I was able to address the second edge case by making the counting of enzyme hits happen on a per-step basis rather than for the module as a whole. When I tested this change, it didn't affect the output, so I think the copy number calculation is still good (which is expected, since it only uses the hit counts for the enzymes in a given step anyway).

But a solution to the first edge case remains elusive. I am now able to detect which enzymes are direct vs indirect alternatives, and the original solution works just find for the direct alternatives, but for the indirect alternatives, I cannot figure out which alternative(s) to keep and which to throw away. Not all edge cases will have an 'outermost' enzyme (or highest priority level enzyme, and it is also complicated to handle the 'AND' cases for enzymes like K01658 and K00766, since they are technically separated by a parentheses in the definition string.

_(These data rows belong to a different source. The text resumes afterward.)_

(* Fix finite nonempty $A$, $\Omega$, a full-support prior $\mu_0$ on $\Omega$, and a finite $M$ with $|M|>\max\{|\Omega|,|A|\}$. There is a set of transparent environments of Lebesgue measure one in $[0,1]^{|A|(|\Omega|+1)}$ such that, for every environment in it, commitment is valuable if and only if committed Sender values randomization.
   Context: An environment $(u_S,u_R)$ with $u_S,u_R:A\times\Omega\to[0,1]$ is transparent if there is $v:A\to[0,1]$ with $u_S(a,\omega)=v(a)$ for all $a,\omega$; the set of transparent environments is identified with $[0,1]^{|A|(|\Omega|+1)}$ (coordinates $v$ and $u_R$). Messaging strategies $\sigma:\Omega\to\Delta M$, action strategies $\rho:M\to\Delta A$, $U_i(\sigma,\rho)=\sum_{\omega,m,a}\mu_0(\omega)\sigma(m|\omega)\rho(a|m)u_i(a,\omega)$. $(\sigma,\rho)$ is S-BR if $\sigma\in\arg\max_{\sigma'}U_S(\sigma',\rho)$ and R-BR if $\rho\in\arg\max_{\rho'}U_R(\sigma,\rho')$. Persuasion payoff: max of $U_S$ over R-BR profiles; cheap-talk payoff: max over profiles that are S-BR and R-BR. Commitment is valuable if persuasion payoff > cheap-talk payoff. $\sigma$ is partitional if for every $\omega$ some $m$ has $\sigma(m|\omega)=1$. Partitional persuasion payoff: max of $U_S$ over R-BR profiles with partitional $\sigma$. Committed Sender values randomization if persuasion payoff > partitional persuasion payoff. *)

theory Defs
  imports "HOL-Analysis.Analysis"
begin

text \<open>A mixed strategy is a probability vector; messaging strategies sigma :: 'w => 'm => real
  (sigma w m = probability of m in state w), action strategies rho :: 'm => 'a => real.\<close>

definition is_distr :: "('b::finite \<Rightarrow> real) \<Rightarrow> bool" where
  "is_distr p \<longleftrightarrow> (\<forall>x. 0 \<le> p x) \<and> sum p UNIV = 1"

definition msg_strat :: "('w::finite \<Rightarrow> 'm::finite \<Rightarrow> real) \<Rightarrow> bool" where
  "msg_strat \<sigma> \<longleftrightarrow> (\<forall>w. is_distr (\<sigma> w))"

definition act_strat :: "('m::finite \<Rightarrow> 'a::finite \<Rightarrow> real) \<Rightarrow> bool" where
  "act_strat \<rho> \<longleftrightarrow> (\<forall>m. is_distr (\<rho> m))"

definition payoff ::
  "('w::finite \<Rightarrow> real) \<Rightarrow> ('a::finite \<Rightarrow> 'w \<Rightarrow> real)
     \<Rightarrow> ('w \<Rightarrow> 'm::finite \<Rightarrow> real) \<Rightarrow> ('m \<Rightarrow> 'a \<Rightarrow> real) \<Rightarrow> real" where
  "payoff mu u \<sigma> \<rho> = (\<Sum>w\<in>UNIV. \<Sum>m\<in>UNIV. \<Sum>a\<in>UNIV. mu w * \<sigma> w m * \<rho> m a * u a w)"

definition S_BR ::
  "('w::finite \<Rightarrow> real) \<Rightarrow> ('a::finite \<Rightarrow> 'w \<Rightarrow> real)
     \<Rightarrow> ('w \<Rightarrow> 'm::finite \<Rightarrow> real) \<Rightarrow> ('m \<Rightarrow> 'a \<Rightarrow> real) \<Rightarrow> bool" where
  "S_BR mu uS \<sigma> \<rho> \<longleftrightarrow> (\<forall>\<sigma>'. msg_strat \<sigma>' \<longrightarrow> payoff mu uS \<sigma>' \<rho> \<le> payoff mu uS \<sigma> \<rho>)"

definition R_BR ::
  "('w::finite \<Rightarrow> real) \<Rightarrow> ('a::finite \<Rightarrow> 'w \<Rightarrow> real)
     \<Rightarrow> ('w \<Rightarrow> 'm::finite \<Rightarrow> real) \<Rightarrow> ('m \<Rightarrow> 'a \<Rightarrow> real) \<Rightarrow> bool" where
  "R_BR mu uR \<sigma> \<rho> \<longleftrightarrow> (\<forall>\<rho>'. act_strat \<rho>' \<longrightarrow> payoff mu uR \<sigma> \<rho>' \<le> payoff mu uR \<sigma> \<rho>)"

definition partitional :: "('w::finite \<Rightarrow> 'm::finite \<Rightarrow> real) \<Rightarrow> bool" where
  "partitional \<sigma> \<longleftrightarrow> (\<forall>w. \<exists>m. \<sigma> w m = 1)"

text \<open>The payoffs below are maxima; we write them as suprema (the sets are nonempty,
  bounded and the maxima are attained).\<close>

definition persuasion_payoff ::
  "('w::finite \<Rightarrow> real) \<Rightarrow> ('a::finite \<Rightarrow> 'w \<Rightarrow> real) \<Rightarrow> ('a \<Rightarrow> 'w \<Rightarrow> real)
     \<Rightarrow> 'm::finite itself \<Rightarrow> real" where
  "persuasion_payoff mu uS uR (_::'m itself) =
     Sup {payoff mu uS \<sigma> \<rho> | (\<sigma> :: 'w \<Rightarrow> 'm \<Rightarrow> real) \<rho>.
            msg_strat \<sigma> \<and> act_strat \<rho> \<and> R_BR mu uR \<sigma> \<rho>}"

definition cheap_talk_payoff ::
  "('w::finite \<Rightarrow> real) \<Rightarrow> ('a::finite \<Rightarrow> 'w \<Rightarrow> real) \<Rightarrow> ('a \<Rightarrow> 'w \<Rightarrow> real)
     \<Rightarrow> 'm::finite itself \<Rightarrow> real" where
  "cheap_talk_payoff mu uS uR (_::'m itself) =
     Sup {payoff mu uS \<sigma> \<rho> | (\<sigma> :: 'w \<Rightarrow> 'm \<Rightarrow> real) \<rho>.
            msg_strat \<sigma> \<and> act_strat \<rho> \<and> S_BR mu uS \<sigma> \<rho> \<and> R_BR mu uR \<sigma> \<rho>}"

definition partitional_persuasion_payoff ::
  "('w::finite \<Rightarrow> real) \<Rightarrow> ('a::finite \<Rightarrow> 'w \<Rightarrow> real) \<Rightarrow> ('a \<Rightarrow> 'w \<Rightarrow> real)
     \<Rightarrow> 'm::finite itself \<Rightarrow> real" where
  "partitional_persuasion_payoff mu uS uR (_::'m itself) =
     Sup {payoff mu uS \<sigma> \<rho> | (\<sigma> :: 'w \<Rightarrow> 'm \<Rightarrow> real) \<rho>.
            msg_strat \<sigma> \<and> partitional \<sigma> \<and> act_strat \<rho> \<and> R_BR mu uR \<sigma> \<rho>}"

definition commitment_valuable where
  "commitment_valuable mu uS uR M \<longleftrightarrow>
     persuasion_payoff mu uS uR M > cheap_talk_payoff mu uS uR M"

definition values_randomization where
  "values_randomization mu uS uR M \<longleftrightarrow>
     persuasion_payoff mu uS uR M > partitional_persuasion_payoff mu uS uR M"

text \<open>Transparent environments as points of [0,1]^(|A|(|Omega|+1)):
  coordinates indexed by 'a + ('a \<times> 'w); Inl a gives v(a), Inr (a,w) gives u_R(a,w).\<close>

definition env_uS :: "real ^ ('a::finite + ('a \<times> 'w::finite)) \<Rightarrow> 'a \<Rightarrow> 'w \<Rightarrow> real" where
  "env_uS e a w = e $ Inl a"

definition env_uR :: "real ^ ('a::finite + ('a \<times> 'w::finite)) \<Rightarrow> 'a \<Rightarrow> 'w \<Rightarrow> real" where
  "env_uR e a w = e $ Inr (a, w)"

definition unit_cube :: "(real ^ 'n::finite) set" where
  "unit_cube = {x. \<forall>i. 0 \<le> x $ i \<and> x $ i \<le> 1}"

end

(*
  Fix a generic transparent environment: the values v of Sender's actions are pairwise distinct,
  and on no nonempty set of states is Receiver indifferent between two actions under the prior.
  Write P, C and Q for the persuasion, cheap-talk and partitional persuasion payoffs. There are
  d, d' > 0 with C <= max Q (P - d) and Q <= max C (P - d'), so P > C exactly when P > Q.

  First bound: in a cheap-talk equilibrium every message that is sent yields the equilibrium
  payoff c, so c <= v a, where a is the worst action among Receiver's Sender-preferred best replies
  to sent messages. If the messages inducing other actions are improbable, a is optimal under the
  prior and babbling on a yields v a >= c with a partitional strategy; otherwise replying in Sender's
  favour gains at least the value gap times their probability.

  Second bound: let Receiver reply in Sender's favour to a partitional strategy. If all cells
  induce actions of equal value, this is a cheap-talk equilibrium. Otherwise, sending the message
  of a better cell with small probability t in a worse cell keeps the reply optimal, because
  genericity gives Receiver a strict margin in the better cell, and Sender gains.

  The environments violating genericity lie on finitely many hyperplanes.
*)
theory Submission
  imports Defs
begin

definition point_mass :: "'b \<Rightarrow> 'b \<Rightarrow> real" where
  "point_mass y x = (if x = y then 1 else 0)"

text \<open>Receiver's expected utility of an action after a message, not normalised by the
  probability of the message.\<close>

definition interim_util ::
  "('w::finite \<Rightarrow> real) \<Rightarrow> ('a \<Rightarrow> 'w \<Rightarrow> real) \<Rightarrow> ('w \<Rightarrow> 'm \<Rightarrow> real) \<Rightarrow> 'm \<Rightarrow> 'a \<Rightarrow> real" where
  "interim_util mu u \<sigma> m a = (\<Sum>w\<in>UNIV. mu w * \<sigma> w m * u a w)"

definition msg_prob :: "('w::finite \<Rightarrow> real) \<Rightarrow> ('w \<Rightarrow> 'm \<Rightarrow> real) \<Rightarrow> 'm \<Rightarrow> real" where
  "msg_prob mu \<sigma> m = (\<Sum>w\<in>UNIV. mu w * \<sigma> w m)"

definition msg_value :: "('a::finite \<Rightarrow> real) \<Rightarrow> ('m \<Rightarrow> 'a \<Rightarrow> real) \<Rightarrow> 'm \<Rightarrow> real" where
  "msg_value v \<rho> m = (\<Sum>a\<in>UNIV. \<rho> m a * v a)"

definition prior_util :: "('w::finite \<Rightarrow> real) \<Rightarrow> ('a \<Rightarrow> 'w \<Rightarrow> real) \<Rightarrow> 'a \<Rightarrow> real" where
  "prior_util mu u a = (\<Sum>w\<in>UNIV. mu w * u a w)"

lemma is_distr_point_mass: "is_distr (point_mass (y::'b::finite))"
  by (simp add: is_distr_def point_mass_def)

lemma sum_point_mass [simp]: "(\<Sum>x\<in>UNIV. point_mass (y::'b::finite) x * f x) = f y"
  by (simp add: point_mass_def if_distrib[where f="\<lambda>c. c * _"] cong: if_cong)

lemma sum_point_mass_UNIV [simp]: "(\<Sum>x\<in>UNIV. point_mass (y::'b::finite) x) = 1"
  using is_distr_point_mass[of y] by (simp add: is_distr_def)

lemma convex_comb_le:
  assumes p: "is_distr p" and le: "\<And>x. p x > 0 \<Longrightarrow> f x \<le> B"
  shows "(\<Sum>x\<in>UNIV. p x * f x) \<le> B"
proof -
  have "p x * f x \<le> p x * B" for x
  proof (cases "p x > 0")
    case True
    then show ?thesis
      using le[of x] by (simp add: mult_left_mono)
  next
    case False
    then have "p x = 0"
      using p unfolding is_distr_def by (meson antisym not_le)
    then show ?thesis
      by simp
  qed
  then have "(\<Sum>x\<in>UNIV. p x * f x) \<le> (\<Sum>x\<in>UNIV. p x * B)"
    by (rule sum_mono)
  also have "\<dots> = B"
    using p by (simp add: is_distr_def flip: sum_distrib_right)
  finally show ?thesis .
qed

lemma convex_comb_ge:
  assumes "is_distr p" "\<And>x. p x > 0 \<Longrightarrow> B \<le> f x"
  shows "B \<le> (\<Sum>x\<in>UNIV. p x * f x)"
  using convex_comb_le[of p "\<lambda>x. - f x" "- B"] assms by (simp add: sum_negf)

lemma convex_comb_eq:
  assumes "is_distr p" "\<And>x. p x > 0 \<Longrightarrow> f x = B"
  shows "(\<Sum>x\<in>UNIV. p x * f x) = B"
  using convex_comb_le[of p f B] convex_comb_ge[of p B f] assms by force

lemma convex_comb_less:
  assumes p: "is_distr p" and le: "\<And>x. f x \<le> B" and "p x0 > 0" "f x0 < B"
  shows "(\<Sum>x\<in>UNIV. p x * f x) < B"
proof -
  have "(\<Sum>x\<in>UNIV. p x * f x) < (\<Sum>x\<in>UNIV. p x * B)"
  proof (rule sum_strict_mono_ex1)
    show "\<forall>x\<in>UNIV. p x * f x \<le> p x * B"
      using p le by (simp add: is_distr_def mult_left_mono)
    show "\<exists>x\<in>UNIV. p x * f x < p x * B"
      using assms(3,4) mult_strict_left_mono by blast
  qed simp
  also have "\<dots> = B"
    using p by (simp add: is_distr_def flip: sum_distrib_right)
  finally show ?thesis .
qed

lemma finite_pos_lower_bound:
  assumes "finite S" "\<And>x. x \<in> S \<Longrightarrow> 0 < f x"
  obtains \<delta> :: real where "0 < \<delta>" "\<And>x. x \<in> S \<Longrightarrow> \<delta> \<le> f x"
proof
  show "0 < Min (insert 1 (f ` S))"
    using assms by (subst Min_gr_iff) auto
  show "Min (insert 1 (f ` S)) \<le> f x" if "x \<in> S" for x
    using assms(1) that by (intro Min_le) auto
qed

lemma ex_max_finite:
  fixes f :: "'b \<Rightarrow> real"
  assumes "finite S" "S \<noteq> {}"
  obtains x where "x \<in> S" "\<And>y. y \<in> S \<Longrightarrow> f y \<le> f x"
proof -
  have "Max (f ` S) \<in> f ` S"
    using assms by simp
  then obtain x where "x \<in> S" "f x = Max (f ` S)"
    by (metis imageE)
  then show ?thesis
    using that assms by (metis Max_ge finite_imageI imageI)
qed

lemma ex_sender_preferred_reply:
  fixes g :: "'m \<Rightarrow> 'a::finite \<Rightarrow> real" and v :: "'a \<Rightarrow> real"
  obtains am where "\<And>m b. g m b \<le> g m (am m)"
    and "\<And>m a. \<forall>b. g m b \<le> g m a \<Longrightarrow> v a \<le> v (am m)"
proof -
  have "\<exists>x. (\<forall>b. g m b \<le> g m x) \<and> (\<forall>a. (\<forall>b. g m b \<le> g m a) \<longrightarrow> v a \<le> v x)" for m
  proof -
    obtain a0 where "\<And>b. g m b \<le> g m a0"
      using ex_max_finite[of UNIV "g m"] by auto
    then have "{a. \<forall>b. g m b \<le> g m a} \<noteq> {}"
      by auto
    then obtain x where "x \<in> {a. \<forall>b. g m b \<le> g m a}" "\<And>a. a \<in> {a. \<forall>b. g m b \<le> g m a} \<Longrightarrow> v a \<le> v x"
      using ex_max_finite[of "{a. \<forall>b. g m b \<le> g m a}" v] by auto
    then show ?thesis
      by blast
  qed
  then show ?thesis
    using that by metis
qed

lemma payoff_interim_util:
  "payoff mu u \<sigma> \<rho> = (\<Sum>m\<in>UNIV. \<Sum>a\<in>UNIV. \<rho> m a * interim_util mu u \<sigma> m a)"
proof -
  have "(\<Sum>m\<in>UNIV. \<Sum>a\<in>UNIV. \<rho> m a * interim_util mu u \<sigma> m a)
      = (\<Sum>m\<in>UNIV. \<Sum>a\<in>UNIV. \<Sum>w\<in>UNIV. mu w * \<sigma> w m * \<rho> m a * u a w)"
    by (simp add: interim_util_def sum_distrib_left mult_ac)
  also have "\<dots> = (\<Sum>m\<in>UNIV. \<Sum>w\<in>UNIV. \<Sum>a\<in>UNIV. mu w * \<sigma> w m * \<rho> m a * u a w)"
    by (rule sum.cong[OF refl], rule sum.swap)
  also have "\<dots> = payoff mu u \<sigma> \<rho>"
    unfolding payoff_def by (rule sum.swap)
  finally show ?thesis
    by simp
qed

I'm very close to giving up on the first edge case and simply using my original, basic solution.

[meren]

I can see that it would be very difficult to make reliable decisions about the which indirect alternative to keep. I think leaving the basic solution that as is is a good call :/

[ivagljiva]

Okay, I'm glad you agree. It is not ideal, but at least the result for these edge cases is a more conservative copy number rather than an inflated one. After discussions with Alex, I've decided to warn the user about the edge cases so they can adjust copy numbers manually if they need to :)

[ivagljiva]

I tested on the KEGG database with the new warning system in place, and here is an example of what the user sees for these edge cases:

WARNING
===============================================
The gene call 7 has multiple annotations to alternative enzymes within the same
step of a metabolic pathway (K04518, K14170), and these enzymes unfortunately
have a complex relationship. The affected module is M00024, and here is the step
in question: ((K01850,K04092,K14187,K04093,K04516,K06208,K06209)
(K01713,K04518,K05359),K14170). We arbitrarily kept only one of the annotations
to this gene in order to avoid inflating the step's copy number, but due to the
complex relationship between these alternatives, this could mean that the copy
number for this step is actually too low. Please heed this warning and double
check the stepwise copy number results for M00024 and other pathways containing
gene call 7.

I got four of these warnings for the current set of KEGG modules, as expected from the previous tests: M00009 and M00011 (same gene for these two), M00023, and M00024.